Sloppy engineering is bad. But excusing shitty EDA tools by suggesting the engineer is sloppy is not much better. Most EDA tools are crap at DRC (static rules that only cover geometry and physical connections) and user experience. (Most engineers wouldn't have access to very expensive tools that might be better than some.) You talk about FPGAs (I'm an FPGA/Verilog expert); have you ever looked at the logs? It's getting progressively better, but wading through hundreds and thousands of warning and info messages is not exactly the most effective way to tell an engineer that something might be wrong. Sure, you can write scripts, but the tools are shit out-of-the-box in finding problems and communicating them to the engineer. This is one example, but they're equally bad at guiding the engineer to good design practices that reduces faults, as I think they should.

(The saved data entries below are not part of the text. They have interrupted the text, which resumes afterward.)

lemma Ck_add: "Ck k f \<Longrightarrow> Ck k g \<Longrightarrow> Ck k (\<lambda>x. f x + g x)"
  unfolding Ck_def
  by (elim exE conjE, rename_tac F G, rule_tac x="\<lambda>j x. F j x + G j x" in exI)
     (auto intro!: derivative_eq_intros)

lemma Ck_cmult: "Ck k f \<Longrightarrow> Ck k (\<lambda>x. c * f x)"
  unfolding Ck_def
  by (elim exE conjE, rename_tac F, rule_tac x="\<lambda>j x. c * F j x" in exI)
     (auto intro!: derivative_eq_intros)

lemma Ck_const: "Ck k (\<lambda>x. c)"
  unfolding Ck_def
  by (rule exI[of _ "\<lambda>j x. if j = 0 then c else 0"]) (auto intro!: derivative_eq_intros)

lemma Ck_id: "Ck k (\<lambda>x. x)"
  unfolding Ck_def
  by (rule exI[of _ "\<lambda>j x. if j = 0 then x else if j = 1 then 1 else 0"])
     (auto intro!: derivative_eq_intros)

lemma Ck_affine: "Ck k f \<Longrightarrow> Ck k (\<lambda>x. f (a * x + b))"
proof -
  assume "Ck k f"
  then obtain F where F: "F 0 = f" "\<forall>j<k. \<forall>x. (F j has_real_derivative F (Suc j) x) (at x)"
    unfolding Ck_def by blast
  have "((\<lambda>x. a ^ j * F j (a * x + b)) has_real_derivative a ^ Suc j * F (Suc j) (a * x + b)) (at x)"
    if "j < k" for j x
  proof -
    have "((\<lambda>x. F j (a * x + b)) has_real_derivative F (Suc j) (a * x + b) * a) (at x)"
      using F(2) that by (intro DERIV_chain2[where g="\<lambda>x. a * x + b"]) (auto intro!: derivative_eq_intros)
    from DERIV_cmult[OF this, of "a ^ j"] show ?thesis by (simp add: mult_ac)
  qed
  then show ?thesis
    unfolding Ck_def using F(1) by (intro exI[of _ "\<lambda>j x. a ^ j * F j (a * x + b)"]) auto
qed
lemma obtuse_dependent_inner_zero:
  fixes x :: "'i \<Rightarrow> 'a::real_inner"
  assumes "finite I"
    and obtuse: "\<And>i j. i \<in> I \<Longrightarrow> j \<in> I \<Longrightarrow> i \<noteq> j \<Longrightarrow> x i \<bullet> x j \<le> 0"
    and dep: "(\<Sum>i\<in>I. c i *\<^sub>R x i) = 0" and j: "j \<in> I" "c j \<noteq> 0"
    and y: "\<And>i. i \<in> I \<Longrightarrow> y \<bullet> x i \<le> 0"
  shows "y \<bullet> x j = 0"
proof -
  obtain e where e0: "(\<Sum>i\<in>I. e i *\<^sub>R x i) = 0" and ej: "e j > 0"
  proof (cases "c j > 0")
    case False
    have "(\<Sum>i\<in>I. (- c i) *\<^sub>R x i) = 0" using dep by (simp add: sum_negf)
    with False j show ?thesis using that[of "\<lambda>i. - c i"] by auto
  qed (use dep that in blast)
  define P where "P = {i\<in>I. e i > 0}"
  define u where "u = (\<Sum>i\<in>P. e i *\<^sub>R x i)"
  have P: "finite P" "P \<subseteq> I" "j \<in> P" using \<open>finite I\<close> j ej by (auto simp: P_def)
  have "(\<Sum>i\<in>I - P. e i *\<^sub>R x i) + u = 0"
    using e0 sum.subset_diff[OF P(2) \<open>finite I\<close>, of "\<lambda>i. e i *\<^sub>R x i"] by (simp add: u_def)
  then have u_neg: "u = (\<Sum>i\<in>I - P. (- e i) *\<^sub>R x i)"
    by (simp add: sum_negf add_eq_0_iff)
  text \<open>The positive and negative parts of the relation have non-positive inner product,
    so both vanish.\<close>
  have "u \<bullet> u = (\<Sum>i\<in>P. e i *\<^sub>R x i) \<bullet> (\<Sum>l\<in>I - P. (- e l) *\<^sub>R x l)"
    using u_neg by (simp add: u_def)
  also have "\<dots> = (\<Sum>i\<in>P. e i * (x i \<bullet> (\<Sum>l\<in>I - P. (- e l) *\<^sub>R x l)))"
    by (simp add: inner_sum_left)
  also have "\<dots> = (\<Sum>i\<in>P. \<Sum>l\<in>I - P. (e i * - e l) * (x i \<bullet> x l))"
    by (simp add: inner_sum_right sum_distrib_left mult_ac)
  also have "\<dots> \<le> 0"
  proof (intro sum_nonpos)
    fix i l assume "i \<in> P" "l \<in> I - P"
    then have "e i * - e l \<ge> 0" "x i \<bullet> x l \<le> 0"
      using obtuse P(2) by (auto simp: P_def mult_nonneg_nonpos)
    then show "e i * - e l * (x i \<bullet> x l) \<le> 0" by (rule mult_nonneg_nonpos)
  qed
  finally have "u = 0" by (metis antisym inner_ge_zero inner_eq_zero_iff)
  have "(\<Sum>i\<in>P. e i * (y \<bullet> x i)) = y \<bullet> u"
    by (simp add: u_def inner_sum_right)
  also have "\<dots> = 0" using \<open>u = 0\<close> by simp
  finally have "(\<Sum>i\<in>P. e i * - (y \<bullet> x i)) = 0"
    by (simp add: sum_negf)
  moreover have "\<forall>i\<in>P. 0 \<le> e i * - (y \<bullet> x i)"
    using y P(2) by (auto simp: P_def intro!: mult_nonneg_nonpos)
  ultimately have "e j * - (y \<bullet> x j) = 0"
    using sum_nonneg_eq_0_iff[OF P(1), of "\<lambda>i. e i * - (y \<bullet> x i)"] P(3) by simp
  then show ?thesis using ej by simp
qed

lemma independent_ex_nonzero_inner_neg:
  fixes S :: "'a::euclidean_space set"
  assumes "independent S"
  shows "\<exists>v. v \<noteq> 0 \<and> (\<forall>x\<in>S. v \<bullet> x < 0)"
  using independent_imp_finite[OF assms] assms
proof (induction S)
  case empty
  obtain b :: 'a where "b \<in> Basis" using nonempty_Basis by blast
  then show ?case by (intro exI[of _ b]) auto
next
  case (insert a S)
  then have "independent S" and a: "a \<notin> span S" by (auto simp: independent_insert)
  then obtain v where v: "\<forall>x\<in>S. v \<bullet> x < 0" using insert.IH by blast
  obtain y z where "y \<in> span S" and z: "\<And>w. w \<in> span S \<Longrightarrow> orthogonal z w" and "a = y + z"
    using orthogonal_subspace_decomp_exists[of S a] by blast
  text \<open>Tilting v against the component of a orthogonal to span S.\<close>
  then have "z \<noteq> 0" and za: "z \<bullet> a = z \<bullet> z" using a by (auto simp: orthogonal_def inner_add_right)
  define w where "w = v - ((\<bar>v \<bullet> a\<bar> + 1) / (z \<bullet> z)) *\<^sub>R z"
  have "w \<bullet> a = v \<bullet> a - (\<bar>v \<bullet> a\<bar> + 1)"
    using \<open>z \<noteq> 0\<close> by (simp add: w_def inner_diff_left za)
  moreover have "w \<bullet> x = v \<bullet> x" if "x \<in> S" for x
    using z[OF span_base[OF that]] by (simp add: w_def inner_diff_left orthogonal_def)
  ultimately have "\<forall>x\<in>insert a S. w \<bullet> x < 0" using v by auto
  then show ?case by (metis inner_zero_left insertI1 less_irrefl)
qed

Circuit design tools are worse, and engineers must rely on their experience and keen eye for detail. Some engineers don't have one or both of those. Are they sloppy? Can't the tools be more intelligent to help?

I think that there is a lot to improve in this domain, and I'm trying to do that with PCBmodE. Blaming the engineer and falling into the "digital Stockholm syndrome" isn't the way forward here.

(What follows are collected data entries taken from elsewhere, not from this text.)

lemma set_integral_fseq_powr:
  assumes "p > 0" "q > 0" "n \<ge> 1"
  shows "(LINT x:{-1..1}|lborel. \<bar>fseq p n x\<bar> powr q)
    = ((real n * p + 1) / 2) powr (q / p) * (2 / (real n * q + 1))"
proof -
  define C where "C = ((real n * p + 1) / 2) powr (q / p)"
  have eq: "\<bar>fseq p n x\<bar> powr q = C * (1 - \<bar>x\<bar>) powr (real n * q)" if x: "x \<in> {-1..1}" for x
  proof -
    have "1 - \<bar>x\<bar> \<ge> 0" using x by auto
    then have "\<bar>fseq p n x\<bar> = ((real n * p + 1) / 2) powr (1 / p) * (1 - \<bar>x\<bar>) powr real n"
      using fseq_nonneg[OF x] assms by (simp add: fseq_def powr_realpow')
    then show ?thesis
      using x by (simp add: C_def powr_mult powr_powr)
  qed
  have "real n * q \<ge> 0" using assms by simp
  then have "((\<lambda>x. C * (1 - \<bar>x\<bar>) powr (real n * q)) has_integral C * (2 / (real n * q + 1))) {-1..1}"
    by (intro has_integral_mult_right has_integral_one_minus_abs_powr) simp
  then have "((\<lambda>x. \<bar>fseq p n x\<bar> powr q) has_integral C * (2 / (real n * q + 1))) {-1..1}"
    by (rule has_integral_eq[rotated]) (simp add: eq)
  moreover have "set_integrable lborel {-1..1} (\<lambda>x. \<bar>fseq p n x\<bar> powr q)"
    using fseq_nonneg fseq_le assms
    by (intro set_integrable_Icc_bounded[where B="(((real n * p + 1) / 2) powr (1 / p)) powr q"])
       (auto intro: powr_mono2)
  ultimately show ?thesis
    unfolding C_def using set_borel_integral_eq_integral(2) integral_unique by metis
qed

lemma L1_norm_fseq:
  assumes "p > 0" "n \<ge> 1"
  shows "L1_norm (fseq p n) = ((real n * p + 1) / 2) powr (1 / p) * (2 / (real n + 1))"
  using set_integral_fseq_powr[OF assms(1) _ assms(2), of 1] by (simp add: L1_norm_def)

lemma Lp_norm_fseq:
  assumes "p > 0" "n \<ge> 1"
  shows "Lp_norm p (fseq p n) = 1"
proof -
  have "real n * p + 1 > 0" using assms by (simp add: add_pos_nonneg)
  then have "(LINT x:{-1..1}|lborel. \<bar>fseq p n x\<bar> powr p) = 1"
    using assms by (simp add: set_integral_fseq_powr)
  then show ?thesis by (simp add: Lp_norm_def)
qed

lemma SUP_fseq_tendsto:
  assumes "p > 0"
  shows "filterlim (\<lambda>n. SUP x\<in>{-1..1}. \<bar>fseq p n x\<bar>) at_top sequentially"
proof (rule filterlim_at_top_mono)
  show "filterlim (\<lambda>n::nat. ((real n * p + 1) / 2) powr (1 / p)) at_top sequentially"
    using assms by real_asymp
  have "((real n * p + 1) / 2) powr (1 / p) \<le> (SUP x\<in>{-1..1}. \<bar>fseq p n x\<bar>)" for n
  proof -
    have "((real n * p + 1) / 2) powr (1 / p) = \<bar>fseq p n 0\<bar>"
      by (simp add: fseq_def)
    also have "\<dots> \<le> (SUP x\<in>{-1..1}. \<bar>fseq p n x\<bar>)"
      using fseq_nonneg fseq_le
      by (intro cSUP_upper bdd_aboveI2[where M="((real n * p + 1) / 2) powr (1 / p)"]) auto
    finally show ?thesis .
  qed
  then show "\<forall>\<^sub>F n in sequentially. ((real n * p + 1) / 2) powr (1 / p) \<le> (SUP x\<in>{-1..1}. \<bar>fseq p n x\<bar>)"
    by simp
qed

lemma set_integrable_imgA_powr:
  assumes "c > 0" "p \<ge> 0" "set_integrable lborel {-1..1} f"
  shows "set_integrable lborel {-1..1} (\<lambda>y. \<bar>imgA c f y\<bar> powr p)"
  using imgA_measurable[OF assms(3)] abs_imgA_le[OF assms(1,3)] assms(2)
  by (intro set_integrable_Icc_bounded[where B="(c / pi * L1_norm f) powr p"]) (auto intro: powr_mono2)

lemma Lp_norm_imgA_le:
  assumes "c > 0" "p > 0" "set_integrable lborel {-1..1} f"
  shows "Lp_norm p (imgA c f) \<le> 2 powr (1 / p) * (c / pi * L1_norm f)"
  using imgA_measurable[OF assms(3)] assms(2) abs_imgA_le[OF assms(1,3)] by (rule Lp_norm_le_bound)

lemma Lp_norm_imgA_fseq_tendsto:
  assumes "c > 0" "p > 1"
  shows "(\<lambda>n. Lp_norm p (imgA c (fseq p n))) \<longlonglongrightarrow> 0"
proof -
  define b where "b n = 2 powr (1 / p) * (c / pi * (((real n * p + 1) / 2) powr (1 / p) * (2 / (real n + 1))))"
    for n :: nat
  have p: "p > 0" using assms(2) by simp
  have "\<forall>\<^sub>F n in sequentially. 0 \<le> Lp_norm p (imgA c (fseq p n))"
    by (simp add: Lp_norm_def)
  moreover have "Lp_norm p (imgA c (fseq p n)) \<le> b n" if "n \<ge> 1" for n
  proof -
    have "Lp_norm p (imgA c (fseq p n)) \<le> 2 powr (1 / p) * (c / pi * L1_norm (fseq p n))"
      using assms(1) p set_integrable_fseq by (rule Lp_norm_imgA_le)
    also have "\<dots> = b n"
      unfolding b_def L1_norm_fseq[OF p that] ..
    finally show ?thesis .
  qed
  then have "\<forall>\<^sub>F n in sequentially. Lp_norm p (imgA c (fseq p n)) \<le> b n"
    by (rule eventually_sequentiallyI)
  moreover have "b \<longlonglongrightarrow> 0"
    unfolding b_def using assms by real_asymp
  ultimately show ?thesis
    by (rule tendsto_sandwich[OF _ _ tendsto_const])
qed

theorem mainTheorem1:
  fixes c :: real
  assumes "c > 0"
  shows "imgl c > 0
    \<and> (\<forall>f :: real \<Rightarrow> real. set_integrable lborel {-1..1} f
          \<and> (AE x in lborel. x \<in> {-1..1} \<longrightarrow> f x \<ge> 0)
          \<longrightarrow> L1_norm (imgA c f) \<ge> imgl c * L1_norm f)
    \<and> (\<forall>p :: real. p > 1 \<longrightarrow>
          (\<forall>n :: nat. n \<ge> 1 \<longrightarrow> Lp_norm p (fseq p n) = 1)
        \<and> filterlim (\<lambda>n. SUP x\<in>{-1..1}. \<bar>fseq p n x\<bar>) at_top sequentially
        \<and> (\<forall>n :: nat. set_integrable lborel {-1..1} (\<lambda>y. \<bar>imgA c (fseq p n) y\<bar> powr p))
        \<and> ((\<lambda>n. Lp_norm p (imgA c (fseq p n))) \<longlonglongrightarrow> 0))"
proof (intro conjI allI impI)
  show "imgl c > 0"
    using assms by (rule imgl_pos)
  show "imgl c * L1_norm f \<le> L1_norm (imgA c f)"
    if "set_integrable lborel {-1..1} f \<and> (AE x in lborel. x \<in> {-1..1} \<longrightarrow> f x \<ge> 0)" for f
    using L1_norm_imgA_ge[OF assms] that by blast
  show "Lp_norm p (fseq p n) = 1" if "p > 1" "n \<ge> 1" for p n
    using Lp_norm_fseq that by simp
  show "filterlim (\<lambda>n. SUP x\<in>{-1..1}. \<bar>fseq p n x\<bar>) at_top sequentially" if "p > 1" for p
    using SUP_fseq_tendsto that by simp
  show "set_integrable lborel {-1..1} (\<lambda>y. \<bar>imgA c (fseq p n) y\<bar> powr p)" if "p > 1" for p n
    using set_integrable_imgA_powr[OF assms _ set_integrable_fseq] that by simp
  show "(\<lambda>n. Lp_norm p (imgA c (fseq p n))) \<longlonglongrightarrow> 0" if "p > 1" for p
    using assms that by (rule Lp_norm_imgA_fseq_tendsto)
qed

end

As a followup, I've written a 'defence of the "sloppy" engineer' http://boldport.blogspot.co.uk/2013/12/in-defense-of-sloppy-...


I've used EDA tools (both board design and chip design) for over 30 years, and in that time there's been one constant: what the designers want to accomplish is usually at (or beyond) the limit of what the tools and platforms are capable of. So yes the tools are "shitty" for what we want to accomplish tomorrow. They're superb compared to what we had yesteryear.

You might not like my "sloppy" choice of words. But IMO the difference between good engineers and mediocre ones is exactly what you called a "keen eye for detail".

I agree the tools could be, and should be, a lot better. It's a copout by the tool vendors when they produce "thousands of warning and info messages". And yet the good engineer must wade through those messages. That is part of the necessary "get on with it" attitude.